* **Work order**:
Report the count of lines holding "cbox" in the records, with no other words.

++++ Extracted data

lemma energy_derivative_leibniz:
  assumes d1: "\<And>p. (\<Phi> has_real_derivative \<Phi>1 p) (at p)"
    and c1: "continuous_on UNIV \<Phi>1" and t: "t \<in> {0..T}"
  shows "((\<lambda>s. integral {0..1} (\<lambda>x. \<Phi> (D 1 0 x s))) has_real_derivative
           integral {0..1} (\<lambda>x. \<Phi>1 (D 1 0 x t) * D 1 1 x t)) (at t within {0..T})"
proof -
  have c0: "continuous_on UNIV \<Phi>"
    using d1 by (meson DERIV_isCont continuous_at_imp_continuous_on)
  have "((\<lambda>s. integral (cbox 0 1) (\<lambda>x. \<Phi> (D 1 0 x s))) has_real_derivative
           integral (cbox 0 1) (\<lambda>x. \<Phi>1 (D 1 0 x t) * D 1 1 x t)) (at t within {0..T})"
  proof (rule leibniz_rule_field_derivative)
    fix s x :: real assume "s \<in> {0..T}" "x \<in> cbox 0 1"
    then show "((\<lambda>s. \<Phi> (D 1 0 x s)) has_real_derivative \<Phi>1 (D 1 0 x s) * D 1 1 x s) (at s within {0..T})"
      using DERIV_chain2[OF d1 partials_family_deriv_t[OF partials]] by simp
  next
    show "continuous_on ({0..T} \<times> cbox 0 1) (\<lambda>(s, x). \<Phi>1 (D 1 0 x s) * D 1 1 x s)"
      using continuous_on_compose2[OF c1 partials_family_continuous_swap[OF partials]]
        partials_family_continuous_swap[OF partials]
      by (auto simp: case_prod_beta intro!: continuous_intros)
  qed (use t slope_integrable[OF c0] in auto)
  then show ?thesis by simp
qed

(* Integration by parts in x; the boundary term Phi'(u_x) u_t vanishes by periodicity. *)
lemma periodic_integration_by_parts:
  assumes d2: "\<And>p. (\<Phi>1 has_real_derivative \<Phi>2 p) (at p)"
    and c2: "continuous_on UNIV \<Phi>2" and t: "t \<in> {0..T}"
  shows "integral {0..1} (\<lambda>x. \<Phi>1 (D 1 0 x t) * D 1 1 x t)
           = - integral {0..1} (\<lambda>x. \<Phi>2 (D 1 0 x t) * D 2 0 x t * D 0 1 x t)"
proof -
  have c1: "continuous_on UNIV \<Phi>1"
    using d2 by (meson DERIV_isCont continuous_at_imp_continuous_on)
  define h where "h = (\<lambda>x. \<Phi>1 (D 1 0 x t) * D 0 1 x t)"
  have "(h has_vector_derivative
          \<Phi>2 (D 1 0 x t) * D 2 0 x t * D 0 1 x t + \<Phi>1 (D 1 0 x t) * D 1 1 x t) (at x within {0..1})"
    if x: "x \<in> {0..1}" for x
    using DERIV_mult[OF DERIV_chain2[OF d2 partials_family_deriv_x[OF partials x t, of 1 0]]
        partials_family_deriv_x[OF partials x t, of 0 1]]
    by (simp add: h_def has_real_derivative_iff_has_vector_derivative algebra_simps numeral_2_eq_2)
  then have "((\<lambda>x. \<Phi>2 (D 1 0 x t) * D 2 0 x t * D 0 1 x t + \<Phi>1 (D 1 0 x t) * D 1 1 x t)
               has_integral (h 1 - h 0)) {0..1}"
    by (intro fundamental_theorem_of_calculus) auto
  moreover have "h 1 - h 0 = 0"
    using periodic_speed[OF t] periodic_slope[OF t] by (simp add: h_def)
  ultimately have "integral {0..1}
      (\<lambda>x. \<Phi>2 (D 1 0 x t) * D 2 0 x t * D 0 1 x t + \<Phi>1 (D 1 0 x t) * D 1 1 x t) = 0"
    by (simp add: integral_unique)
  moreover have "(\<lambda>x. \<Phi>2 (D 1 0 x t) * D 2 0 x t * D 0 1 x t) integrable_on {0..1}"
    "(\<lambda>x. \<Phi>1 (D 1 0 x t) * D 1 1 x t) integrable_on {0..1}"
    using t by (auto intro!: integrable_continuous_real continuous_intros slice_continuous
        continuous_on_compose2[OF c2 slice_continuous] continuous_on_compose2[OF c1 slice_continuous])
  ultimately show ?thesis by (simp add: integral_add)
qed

++++++++

* **Response for this exercise**:
4